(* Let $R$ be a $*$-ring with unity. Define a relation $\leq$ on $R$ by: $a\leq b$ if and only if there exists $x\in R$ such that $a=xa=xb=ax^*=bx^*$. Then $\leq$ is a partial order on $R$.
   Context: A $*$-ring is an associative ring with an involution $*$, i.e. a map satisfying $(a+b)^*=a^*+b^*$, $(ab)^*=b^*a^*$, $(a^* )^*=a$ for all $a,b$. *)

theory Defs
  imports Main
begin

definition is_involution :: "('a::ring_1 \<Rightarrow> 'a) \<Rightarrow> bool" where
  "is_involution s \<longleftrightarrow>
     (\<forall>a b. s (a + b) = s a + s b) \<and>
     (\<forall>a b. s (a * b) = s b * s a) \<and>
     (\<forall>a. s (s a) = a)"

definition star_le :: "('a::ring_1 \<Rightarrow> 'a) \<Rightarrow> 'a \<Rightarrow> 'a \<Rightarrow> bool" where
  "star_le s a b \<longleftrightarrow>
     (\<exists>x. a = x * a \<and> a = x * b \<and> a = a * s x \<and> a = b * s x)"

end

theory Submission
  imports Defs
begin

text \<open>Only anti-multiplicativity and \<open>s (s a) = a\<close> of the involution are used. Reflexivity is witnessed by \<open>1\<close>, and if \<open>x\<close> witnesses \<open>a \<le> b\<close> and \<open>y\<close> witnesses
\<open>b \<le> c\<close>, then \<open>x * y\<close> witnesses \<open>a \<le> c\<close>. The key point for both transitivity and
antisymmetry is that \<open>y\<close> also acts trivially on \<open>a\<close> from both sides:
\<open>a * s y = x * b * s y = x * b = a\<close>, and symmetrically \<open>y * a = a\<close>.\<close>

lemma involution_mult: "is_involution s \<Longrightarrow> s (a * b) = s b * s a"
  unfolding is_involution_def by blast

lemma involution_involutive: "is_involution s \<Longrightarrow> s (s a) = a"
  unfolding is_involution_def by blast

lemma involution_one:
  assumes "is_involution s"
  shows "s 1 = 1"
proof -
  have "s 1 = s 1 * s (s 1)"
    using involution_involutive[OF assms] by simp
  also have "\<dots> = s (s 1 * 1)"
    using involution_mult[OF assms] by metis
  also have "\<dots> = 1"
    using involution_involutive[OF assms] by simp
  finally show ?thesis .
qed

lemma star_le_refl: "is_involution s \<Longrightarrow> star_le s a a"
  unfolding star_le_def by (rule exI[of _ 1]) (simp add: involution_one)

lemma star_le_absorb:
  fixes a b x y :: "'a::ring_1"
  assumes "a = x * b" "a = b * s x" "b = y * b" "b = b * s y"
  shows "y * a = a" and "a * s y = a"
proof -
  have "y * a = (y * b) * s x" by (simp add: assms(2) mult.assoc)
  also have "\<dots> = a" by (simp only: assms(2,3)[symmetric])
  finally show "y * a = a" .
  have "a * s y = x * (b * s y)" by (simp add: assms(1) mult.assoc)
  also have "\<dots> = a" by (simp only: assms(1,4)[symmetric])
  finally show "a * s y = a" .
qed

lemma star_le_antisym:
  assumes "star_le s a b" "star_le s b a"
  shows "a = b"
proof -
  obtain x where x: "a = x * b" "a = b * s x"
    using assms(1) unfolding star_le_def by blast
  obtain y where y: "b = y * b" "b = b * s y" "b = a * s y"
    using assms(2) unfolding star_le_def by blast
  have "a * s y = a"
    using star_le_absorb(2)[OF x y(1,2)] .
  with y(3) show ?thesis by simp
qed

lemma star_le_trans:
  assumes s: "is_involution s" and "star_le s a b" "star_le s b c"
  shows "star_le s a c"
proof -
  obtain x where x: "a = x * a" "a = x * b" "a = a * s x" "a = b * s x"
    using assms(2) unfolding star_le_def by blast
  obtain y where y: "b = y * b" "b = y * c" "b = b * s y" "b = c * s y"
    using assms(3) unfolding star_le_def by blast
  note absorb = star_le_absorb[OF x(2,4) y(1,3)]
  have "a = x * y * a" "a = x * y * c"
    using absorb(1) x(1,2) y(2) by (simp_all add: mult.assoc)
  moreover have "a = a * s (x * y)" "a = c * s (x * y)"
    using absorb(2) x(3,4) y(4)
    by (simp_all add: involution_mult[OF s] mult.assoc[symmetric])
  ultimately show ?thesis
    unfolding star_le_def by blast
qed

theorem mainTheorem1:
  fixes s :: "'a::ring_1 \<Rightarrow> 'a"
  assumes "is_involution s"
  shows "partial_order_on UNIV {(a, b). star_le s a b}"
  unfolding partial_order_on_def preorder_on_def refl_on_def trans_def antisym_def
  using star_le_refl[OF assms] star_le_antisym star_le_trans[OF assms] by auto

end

══════════════════════════════

- **Required action**
Reproduce every entry above so that each one matches its source exactly.

- **Answer for the task**
(* Let $R$ be a $*$-ring with unity. Define a relation $\leq$ on $R$ by: $a\leq b$ if and only if there exists $x\in R$ such that $a=xa=xb=ax^*=bx^*$. Then $\leq$ is a partial order on $R$.
   Context: A $*$-ring is an associative ring with an involution $*$, i.e. a map satisfying $(a+b)^*=a^*+b^*$, $(ab)^*=b^*a^*$, $(a^* )^*=a$ for all $a,b$. *)

theory Defs
  imports Main
begin

definition is_involution :: "('a::ring_1 \<Rightarrow> 'a) \<Rightarrow> bool" where
  "is_involution s \<longleftrightarrow>
     (\<forall>a b. s (a + b) = s a + s b) \<and>
     (\<forall>a b. s (a * b) = s b * s a) \<and>
     (\<forall>a. s (s a) = a)"

definition star_le :: "('a::ring_1 \<Rightarrow> 'a) \<Rightarrow> 'a \<Rightarrow> 'a \<Rightarrow> bool" where
  "star_le s a b \<longleftrightarrow>
     (\<exists>x. a = x * a \<and> a = x * b \<and> a = a * s x \<and> a = b * s x)"

end

theory Submission
  imports Defs
begin

text \<open>Only anti-multiplicativity and \<open>s (s a) = a\<close> of the involution are used. Reflexivity is witnessed by \<open>1\<close>, and if \<open>x\<close> witnesses \<open>a \<le> b\<close> and \<open>y\<close> witnesses
\<open>b \<le> c\<close>, then \<open>x * y\<close> witnesses \<open>a \<le> c\<close>. The key point for both transitivity and
antisymmetry is that \<open>y\<close> also acts trivially on \<open>a\<close> from both sides:
\<open>a * s y = x * b * s y = x * b = a\<close>, and symmetrically \<open>y * a = a\<close>.\<close>

lemma involution_mult: "is_involution s \<Longrightarrow> s (a * b) = s b * s a"
  unfolding is_involution_def by blast

lemma involution_involutive: "is_involution s \<Longrightarrow> s (s a) = a"
  unfolding is_involution_def by blast

lemma involution_one:
  assumes "is_involution s"
  shows "s 1 = 1"
proof -
  have "s 1 = s 1 * s (s 1)"
    using involution_involutive[OF assms] by simp
  also have "\<dots> = s (s 1 * 1)"
    using involution_mult[OF assms] by metis
  also have "\<dots> = 1"
    using involution_involutive[OF assms] by simp
  finally show ?thesis .
qed

lemma star_le_refl: "is_involution s \<Longrightarrow> star_le s a a"
  unfolding star_le_def by (rule exI[of _ 1]) (simp add: involution_one)

lemma star_le_absorb:
  fixes a b x y :: "'a::ring_1"
  assumes "a = x * b" "a = b * s x" "b = y * b" "b = b * s y"
  shows "y * a = a" and "a * s y = a"
proof -
  have "y * a = (y * b) * s x" by (simp add: assms(2) mult.assoc)
  also have "\<dots> = a" by (simp only: assms(2,3)[symmetric])
  finally show "y * a = a" .
  have "a * s y = x * (b * s y)" by (simp add: assms(1) mult.assoc)
  also have "\<dots> = a" by (simp only: assms(1,4)[symmetric])
  finally show "a * s y = a" .
qed

lemma star_le_antisym:
  assumes "star_le s a b" "star_le s b a"
  shows "a = b"
proof -
  obtain x where x: "a = x * b" "a = b * s x"
    using assms(1) unfolding star_le_def by blast
  obtain y where y: "b = y * b" "b = b * s y" "b = a * s y"
    using assms(2) unfolding star_le_def by blast
  have "a * s y = a"
    using star_le_absorb(2)[OF x y(1,2)] .
  with y(3) show ?thesis by simp
qed

lemma star_le_trans:
  assumes s: "is_involution s" and "star_le s a b" "star_le s b c"
  shows "star_le s a c"
proof -
  obtain x where x: "a = x * a" "a = x * b" "a = a * s x" "a = b * s x"
    using assms(2) unfolding star_le_def by blast
  obtain y where y: "b = y * b" "b = y * c" "b = b * s y" "b = c * s y"
    using assms(3) unfolding star_le_def by blast
  note absorb = star_le_absorb[OF x(2,4) y(1,3)]
  have "a = x * y * a" "a = x * y * c"
    using absorb(1) x(1,2) y(2) by (simp_all add: mult.assoc)
  moreover have "a = a * s (x * y)" "a = c * s (x * y)"
    using absorb(2) x(3,4) y(4)
    by (simp_all add: involution_mult[OF s] mult.assoc[symmetric])
  ultimately show ?thesis
    unfolding star_le_def by blast
qed

theorem mainTheorem1:
  fixes s :: "'a::ring_1 \<Rightarrow> 'a"
  assumes "is_involution s"
  shows "partial_order_on UNIV {(a, b). star_le s a b}"
  unfolding partial_order_on_def preorder_on_def refl_on_def trans_def antisym_def
  using star_le_refl[OF assms] star_le_antisym star_le_trans[OF assms] by auto

end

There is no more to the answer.